Hint: Use indefinite formula then put the limit to solve this integral

Given: \int_{0}^{\frac{\pi }{2}}x^{2}\sin xdx

Solution:\int_{0}^{\frac{\pi }{2}}x^{2}\sin xdx

Integrating by parts =>Let  x^{2} be the first part and sin x be the 2nd part

\begin{aligned} &=x^{2} \int_{0}^{\frac{\pi}{2}} \sin x d x-\int_{0}^{\frac{\pi}{2}}\left\{\frac{d x^{2}}{dx} \int \sin x d x\right\} d x \\ &=\left[x^{2}(-\cos x)\right]_{0}^{\frac{\pi}{2}}-\int_{0}^{\frac{\pi}{2}} 2 x(-\cos x) d x \end{aligned}                                                        \left [ \int \sin xdx=-\cos x \right ]

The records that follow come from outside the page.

(* Let $d\ge1$ and let $\mathcal{F}\subseteq\binom{\mathbb{N}}{d}$ be a finite family. Then $\mathrm{Inc}(\mathcal{C}(\mathcal{F}))\subseteq\mathcal{C}(\mathrm{Inc}(\mathcal{F}))$.
   Context: $\mathbb{N}=\{1,2,3,\dots\}$. For $d\ge1$, $\binom{\mathbb{N}}{d}$ is the set of $d$-element subsets of $\mathbb{N}$; an element is written $\mathbf{u}=(u_1,\ldots,u_d)$ with $u_1<\cdots<u_d$. The squashed order on $\binom{\mathbb{N}}{d}$: $\mathbf{u}<\mathbf{v}$ iff the largest element of the symmetric difference $(\mathbf{u}\setminus\mathbf{v})\cup(\mathbf{v}\setminus\mathbf{u})$ belongs to $\mathbf{v}$. For a finite family $\mathcal{F}\subseteq\binom{\mathbb{N}}{d}$, its compression $\mathcal{C}(\mathcal{F})$ is the set of the $|\mathcal{F}|$ smallest elements of $\binom{\mathbb{N}}{d}$ in the squashed order. Let $\mathrm{Inc}_1$ be the set of maps $\pi\colon\mathbb{N}\to\mathbb{N}$ with $\pi(j)<\pi(j+1)$ and $\pi(j)\le j+1$ for all $j\ge1$, acting by $\pi(\mathbf{u})=(\pi(u_1),\ldots,\pi(u_d))$. For $\mathcal{F}\subseteq\binom{\mathbb{N}}{d}$, $\mathrm{Inc}(\mathcal{F})=\{\pi(\mathbf{u})\mid \mathbf{u}\in\mathcal{F},\ \pi\in\mathrm{Inc}_1\}$ (finite when $\mathcal{F}$ is finite). *)

theory Defs
  imports Main
begin

definition binomN :: "nat \<Rightarrow> nat set set" where
  "binomN d = {u. u \<subseteq> {1..} \<and> finite u \<and> card u = d}"

definition sq_less :: "nat set \<Rightarrow> nat set \<Rightarrow> bool" where
  "sq_less u v \<longleftrightarrow> u \<noteq> v \<and> Max ((u - v) \<union> (v - u)) \<in> v"

definition compression :: "nat \<Rightarrow> nat set set \<Rightarrow> nat set set" where
  "compression d F = {u \<in> binomN d. card {w \<in> binomN d. sq_less w u} < card F}"

text \<open>Inc_1: maps pi : N -> N with pi j < pi (j+1) and pi j \<le> j+1 for all j \<ge> 1
  (values at 0 are irrelevant).\<close>
definition Inc1 :: "(nat \<Rightarrow> nat) set" where
  "Inc1 = {\<pi>. (\<forall>j\<ge>1. \<pi> j \<ge> 1 \<and> \<pi> j < \<pi> (Suc j) \<and> \<pi> j \<le> j + 1)}"

definition Inc :: "nat set set \<Rightarrow> nat set set" where
  "Inc F = {\<pi> ` u | u \<pi>. u \<in> F \<and> \<pi> \<in> Inc1}"

end

theory Submission
  imports Defs
begin

text \<open>
  On a set of positive integers every map of \<open>Inc1\<close> acts as a skip map \<open>skip k\<close>
  (fix the elements below \<open>k\<close>, add one to the others), and the shift \<open>Suc ` u\<close> is the largest
  of these images in the squashed order. Let \<open>P\<^sub>d(m)\<close> (\<open>seg_with1 d m\<close>) be the number of
  members of the first \<open>m\<close> sets of the squashed order that contain 1, and let
  \<open>Q\<^sub>d(m) = m - P\<^sub>d(m)\<close> (\<open>seg_without1 d m\<close>); the shifts of the first \<open>Q\<^sub>d(m)\<close> sets are
  exactly the other members. Hence \<open>Inc(C(F)) \<subseteq> C(Inc F)\<close> as soon as
  \<open>|F| \<le> Q\<^sub>d(|Inc F|)\<close>.

  This Kruskal--Katona-type bound is proved by induction on \<open>d\<close> and on the largest element,
  splitting a family according to whether its sets contain 1. The numerical input is
  \<open>Q\<^sub>d\<^sub>-\<^sub>1(b) + Q\<^sub>d(a) \<le> Q\<^sub>d(a + b)\<close> whenever \<open>Q\<^sub>d(a + b) < a\<close>, which follows from the block
  structure of the squashed order (the \<open>d\<close>-subsets of \<open>{1..s}\<close> form an initial segment, and
  complementation in \<open>{1..s}\<close> reverses the order) together with the subadditivity of \<open>P\<^sub>d\<close>; the
  latter is proved simultaneously with the superadditivity of \<open>m \<mapsto> \<Sum>u\<in>C\<^sub>d(m). Min u\<close>.
\<close>

section \<open>Sets of positive integers and the squashed order\<close>

lemma binomND:
  assumes "u \<in> binomN d"
  shows "finite u" "card u = d" "u \<subseteq> {1..}" "0 \<notin> u"
  using assms unfolding binomN_def by auto

lemma binomNI: "finite u \<Longrightarrow> card u = d \<Longrightarrow> 0 \<notin> u \<Longrightarrow> u \<in> binomN d"
  unfolding binomN_def by (auto simp: Suc_le_eq) (metis gr0I)

lemma binomN_0: "binomN 0 = {{}}"
  unfolding binomN_def by (auto simp: card_eq_0_iff)

lemma binomN_nonempty: "u \<in> binomN d \<Longrightarrow> d \<ge> 1 \<Longrightarrow> u \<noteq> {}"
  using binomND(2) by fastforce

lemma binomN_Diff_singleton:
  assumes "u \<in> binomN d" "x \<in> u"
  shows "u - {x} \<in> binomN (d - 1)"
  using binomND[OF assms(1)] assms(2) by (intro binomNI) auto

lemma infinite_binomN:
  assumes "d \<ge> 1"
  shows "infinite (binomN d)"
proof -
  have "(\<lambda>t. {Suc t..<Suc t + d}) ` UNIV \<subseteq> binomN d"
    by (auto intro!: binomNI)
  moreover have "inj (\<lambda>t::nat. {Suc t..<Suc t + d})"
  proof (rule injI)
    fix x y :: nat assume "{Suc x..<Suc x + d} = {Suc y..<Suc y + d}"
    moreover have "Suc x \<in> {Suc x..<Suc x + d}" "Suc y \<in> {Suc y..<Suc y + d}" using assms by auto
    ultimately have "Suc x \<ge> Suc y" "Suc y \<ge> Suc x" by auto
    then show "x = y" by simp
  qed
  ultimately show ?thesis by (meson finite_imageD finite_subset infinite_UNIV_nat)
qed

\begin{aligned} &=-\left[x^{2}(\cos x)\right]_{0}^{\frac{\pi}{2}}+2 \int_{0}^{\frac{\pi}{2}} x \cos x d x \\ &=-\left[\left(\frac{\pi}{2}\right)^{2} \cos \frac{\pi}{2}-0^{2} \cos 0\right]+2 \int_{0}^{\frac{\pi}{2}} x \cos x d x \\ &=-\left[\frac{\pi^{2}}{4} \times 0-0\right]+2\left[x \int \cos x d x\right]_{0}^{\frac{\pi}{2}}-2 \int_{0}^{\frac{\pi}{2}}\left[\frac{d(x)}{d x} \int \cos x d x\right] d x \end{aligned}                                              \left [ \int \cos xdx=\sin x \right ]

=2[x(\sin x)]_{0}^{\frac{\pi}{2}}-2 \int_{0}^{\frac{\pi}{2}} 1 \sin x d x

(Again using integration by parts method)

\begin{array}{ll} =2\left[\frac{\pi}{2} \sin \frac{\pi}{2}-0 \times \sin 0\right]-2[-\cos x]_{0}^{\frac{\pi}{2}} & {\left[\int \sin x d x=-\cos x\right]} \\ =2\left[\frac{\pi}{2} \times 1-0\right]+2[\cos x]_{0}^{\frac{\pi}{2}} & {\left[\sin \frac{\pi}{2}=1, \sin 0=0\right]} \end{array}

\begin{aligned} &=\pi+2\left[\cos \frac{\pi}{2}-\cos 0\right] \\ &=\pi+2[0-1] \\ &=\pi-2 \end{aligned}                                                                            \left[\begin{array}{c} \cos \frac{\pi}{2}=0 \\ \cos 0=1 \end{array}\right]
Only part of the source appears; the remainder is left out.